Dataset entries:
⟨

lemma card_prodfam:
  assumes "finite A" "finite C" "\<forall>P\<in>A. P \<subseteq> U" "\<forall>R\<in>C. R \<subseteq> W" "U \<inter> W = {}"
  shows "card (prodfam A C) = card A * card C"
proof -
  have "inj_on (\<lambda>(P, R). P \<union> R) (A \<times> C)"
  proof (rule inj_onI, clarify)
    fix P R P' R' assume "P \<in> A" "R \<in> C" "P' \<in> A" "R' \<in> C" "P \<union> R = P' \<union> R'"
    with assms(3-5) show "P = P' \<and> R = R'" by blast
  qed
  then show ?thesis by (simp add: prodfam_image card_image card_cartesian_product)
qed

lemma uniform_prodfam:
  assumes "uniform k A" "uniform l C" "\<forall>P\<in>A. P \<subseteq> U" "\<forall>R\<in>C. R \<subseteq> W" "U \<inter> W = {}"
  shows "uniform (k + l) (prodfam A C)"
  unfolding uniform_def prodfam_def
proof clarify
  fix P R assume "P \<in> A" "R \<in> C"
  with assms(3-5) have "P \<inter> R = {}" by blast
  moreover from \<open>P \<in> A\<close> \<open>R \<in> C\<close> assms(1,2) have "finite P" "finite R" "card P = k" "card R = l"
    by (auto simp: uniform_def)
  ultimately
  show "finite (P \<union> R) \<and> card (P \<union> R) = k + l" by (simp add: card_Un_disjoint)
qed

lemma avoid_prodfam:
  assumes "finite A" "finite C" "\<forall>P\<in>A. P \<subseteq> U" "\<forall>R\<in>C. R \<subseteq> W" "U \<inter> W = {}"
  shows "avoid (prodfam A C) Y = avoid A Y * avoid C Y"
proof -
  have "{H \<in> prodfam A C. H \<inter> Y = {}} = prodfam {P \<in> A. P \<inter> Y = {}} {R \<in> C. R \<inter> Y = {}}"
    by (auto simp: prodfam_def)
  moreover have "card \<dots> = avoid A Y * avoid C Y"
    unfolding avoid_def by (rule card_prodfam[where U = U and W = W]) (use assms in auto)
  ultimately show ?thesis by (simp add: avoid_def)
qed

lemma prodfam_members_meet:
  assumes "H \<in> prodfam A C" "H' \<in> prodfam A' C'"
    and "(\<forall>R\<in>C. \<forall>R'\<in>C'. R \<inter> R' \<noteq> {}) \<or> (\<forall>P'\<in>A'. \<forall>R\<in>C. P' \<inter> R \<noteq> {}) \<or> (\<forall>P\<in>A. \<forall>R'\<in>C'. P \<inter> R' \<noteq> {})"
  shows "H \<inter> H' \<noteq> {}"
  using assms unfolding prodfam_def by blast

definition pent_edge :: "nat \<Rightarrow> nat set" where
  "pent_edge i = {i, (i + 1) mod 5}"

definition rtriple :: "nat \<Rightarrow> nat set" where
  "rtriple i = {i, (i + 1) mod 5, (i + 3) mod 5}"

lemma less_5_cases: "(i::nat) < 5 \<longleftrightarrow> i = 0 \<or> i = 1 \<or> i = 2 \<or> i = 3 \<or> i = 4"
  by auto

lemma Pent_eq: "Pent = pent_edge ` {..<5}"
  unfolding Pent_def pent_edge_def by auto

lemma Rfam_eq: "Rfam = rtriple ` {..<5}"
  unfolding Rfam_def rtriple_def by auto

lemma inj_on_pent_edge: "inj_on pent_edge {..<5}"
proof (rule inj_onI)
  fix i j :: nat assume "i \<in> {..<5}" "j \<in> {..<5}" "pent_edge i = pent_edge j"
  then have "i < 5" "j < 5" "i \<in> pent_edge j" "(i + 1) mod 5 \<in> pent_edge j"
    unfolding pent_edge_def by auto
  then show "i = j" unfolding less_5_cases by (elim disjE) (simp_all add: pent_edge_def)
qed

lemma inj_on_rtriple: "inj_on rtriple {..<5}"
proof (rule inj_onI)
  fix i j :: nat assume "i \<in> {..<5}" "j \<in> {..<5}" "rtriple i = rtriple j"
  then have "i < 5" "j < 5" "i \<in> rtriple j" "(i + 1) mod 5 \<in> rtriple j" "(i + 3) mod 5 \<in> rtriple j"
    unfolding rtriple_def by auto
  then show "i = j" unfolding less_5_cases by (elim disjE) (simp_all add: rtriple_def)
qed

lemma pent_edge_Int_rtriple: "i < 5 \<Longrightarrow> k < 5 \<Longrightarrow> pent_edge i \<inter> rtriple k \<noteq> {}"
  unfolding less_5_cases by (elim disjE) (simp_all add: pent_edge_def rtriple_def)

lemma rtriple_Int_rtriple: "i < 5 \<Longrightarrow> k < 5 \<Longrightarrow> rtriple i \<inter> rtriple k \<noteq> {}"
  unfolding less_5_cases by (elim disjE) (simp_all add: rtriple_def)

lemma uniform_Pent: "uniform 2 Pent"
  unfolding uniform_def Pent_eq by (auto simp: pent_edge_def less_5_cases)

lemma uniform_Rfam: "uniform 3 Rfam"
  unfolding uniform_def Rfam_eq by (auto simp: rtriple_def less_5_cases)

lemma Pent_subset: "P \<in> Pent \<Longrightarrow> P \<subseteq> {..<5}"
  unfolding Pent_eq pent_edge_def by auto

lemma Rfam_subset: "R \<in> Rfam \<Longrightarrow> R \<subseteq> {..<5}"
  unfolding Rfam_eq rtriple_def by auto

lemma card_Pent: "card Pent = 5"
  unfolding Pent_eq by (simp add: card_image inj_on_pent_edge)

lemma card_Rfam: "card Rfam = 5"
  unfolding Rfam_eq by (simp add: card_image inj_on_rtriple)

⟩

**ASSIGNMENT**
Take the entries and copy them out exactly.

**YOUR SOLUTION**
lemma card_prodfam:
  assumes "finite A" "finite C" "\<forall>P\<in>A. P \<subseteq> U" "\<forall>R\<in>C. R \<subseteq> W" "U \<inter> W = {}"
  shows "card (prodfam A C) = card A * card C"
proof -
  have "inj_on (\<lambda>(P, R). P \<union> R) (A \<times> C)"
  proof (rule inj_onI, clarify)
    fix P R P' R' assume "P \<in> A" "R \<in> C" "P' \<in> A" "R' \<in> C" "P \<union> R = P' \<union> R'"
    with assms(3-5) show "P = P' \<and> R = R'" by blast
  qed
  then show ?thesis by (simp add: prodfam_image card_image card_cartesian_product)
qed

lemma uniform_prodfam:
  assumes "uniform k A" "uniform l C" "\<forall>P\<in>A. P \<subseteq> U" "\<forall>R\<in>C. R \<subseteq> W" "U \<inter> W = {}"
  shows "uniform (k + l) (prodfam A C)"
  unfolding uniform_def prodfam_def
proof clarify
  fix P R assume "P \<in> A" "R \<in> C"
  with assms(3-5) have "P \<inter> R = {}" by blast
  moreover from \<open>P \<in> A\<close> \<open>R \<in> C\<close> assms(1,2) have "finite P" "finite R" "card P = k" "card R = l"
    by (auto simp: uniform_def)
  ultimately
  show "finite (P \<union> R) \<and> card (P \<union> R) = k + l" by (simp add: card_Un_disjoint)
qed

lemma avoid_prodfam:
  assumes "finite A" "finite C" "\<forall>P\<in>A. P \<subseteq> U" "\<forall>R\<in>C. R \<subseteq> W" "U \<inter> W = {}"
  shows "avoid (prodfam A C) Y = avoid A Y * avoid C Y"
proof -
  have "{H \<in> prodfam A C. H \<inter> Y = {}} = prodfam {P \<in> A. P \<inter> Y = {}} {R \<in> C. R \<inter> Y = {}}"
    by (auto simp: prodfam_def)
  moreover have "card \<dots> = avoid A Y * avoid C Y"
    unfolding avoid_def by (rule card_prodfam[where U = U and W = W]) (use assms in auto)
  ultimately show ?thesis by (simp add: avoid_def)
qed

lemma prodfam_members_meet:
  assumes "H \<in> prodfam A C" "H' \<in> prodfam A' C'"
    and "(\<forall>R\<in>C. \<forall>R'\<in>C'. R \<inter> R' \<noteq> {}) \<or> (\<forall>P'\<in>A'. \<forall>R\<in>C. P' \<inter> R \<noteq> {}) \<or> (\<forall>P\<in>A. \<forall>R'\<in>C'. P \<inter> R' \<noteq> {})"
  shows "H \<inter> H' \<noteq> {}"
  using assms unfolding prodfam_def by blast

definition pent_edge :: "nat \<Rightarrow> nat set" where
  "pent_edge i = {i, (i + 1) mod 5}"

definition rtriple :: "nat \<Rightarrow> nat set" where
  "rtriple i = {i, (i + 1) mod 5, (i + 3) mod 5}"

lemma less_5_cases: "(i::nat) < 5 \<longleftrightarrow> i = 0 \<or> i = 1 \<or> i = 2 \<or> i = 3 \<or> i = 4"
  by auto

lemma Pent_eq: "Pent = pent_edge ` {..<5}"
  unfolding Pent_def pent_edge_def by auto

lemma Rfam_eq: "Rfam = rtriple ` {..<5}"
  unfolding Rfam_def rtriple_def by auto

lemma inj_on_pent_edge: "inj_on pent_edge {..<5}"
proof (rule inj_onI)
  fix i j :: nat assume "i \<in> {..<5}" "j \<in> {..<5}" "pent_edge i = pent_edge j"
  then have "i < 5" "j < 5" "i \<in> pent_edge j" "(i + 1) mod 5 \<in> pent_edge j"
    unfolding pent_edge_def by auto
  then show "i = j" unfolding less_5_cases by (elim disjE) (simp_all add: pent_edge_def)
qed

lemma inj_on_rtriple: "inj_on rtriple {..<5}"
proof (rule inj_onI)
  fix i j :: nat assume "i \<in> {..<5}" "j \<in> {..<5}" "rtriple i = rtriple j"
  then have "i < 5" "j < 5" "i \<in> rtriple j" "(i + 1) mod 5 \<in> rtriple j" "(i + 3) mod 5 \<in> rtriple j"
    unfolding rtriple_def by auto
  then show "i = j" unfolding less_5_cases by (elim disjE) (simp_all add: rtriple_def)
qed

lemma pent_edge_Int_rtriple: "i < 5 \<Longrightarrow> k < 5 \<Longrightarrow> pent_edge i \<inter> rtriple k \<noteq> {}"
  unfolding less_5_cases by (elim disjE) (simp_all add: pent_edge_def rtriple_def)

lemma rtriple_Int_rtriple: "i < 5 \<Longrightarrow> k < 5 \<Longrightarrow> rtriple i \<inter> rtriple k \<noteq> {}"
  unfolding less_5_cases by (elim disjE) (simp_all add: rtriple_def)

lemma uniform_Pent: "uniform 2 Pent"
  unfolding uniform_def Pent_eq by (auto simp: pent_edge_def less_5_cases)

lemma uniform_Rfam: "uniform 3 Rfam"
  unfolding uniform_def Rfam_eq by (auto simp: rtriple_def less_5_cases)

lemma Pent_subset: "P \<in> Pent \<Longrightarrow> P \<subseteq> {..<5}"
  unfolding Pent_eq pent_edge_def by auto

lemma Rfam_subset: "R \<in> Rfam \<Longrightarrow> R \<subseteq> {..<5}"
  unfolding Rfam_eq rtriple_def by auto

lemma card_Pent: "card Pent = 5"
  unfolding Pent_eq by (simp add: card_image inj_on_pent_edge)

lemma card_Rfam: "card Rfam = 5"
  unfolding Rfam_eq by (simp add: card_image inj_on_rtriple)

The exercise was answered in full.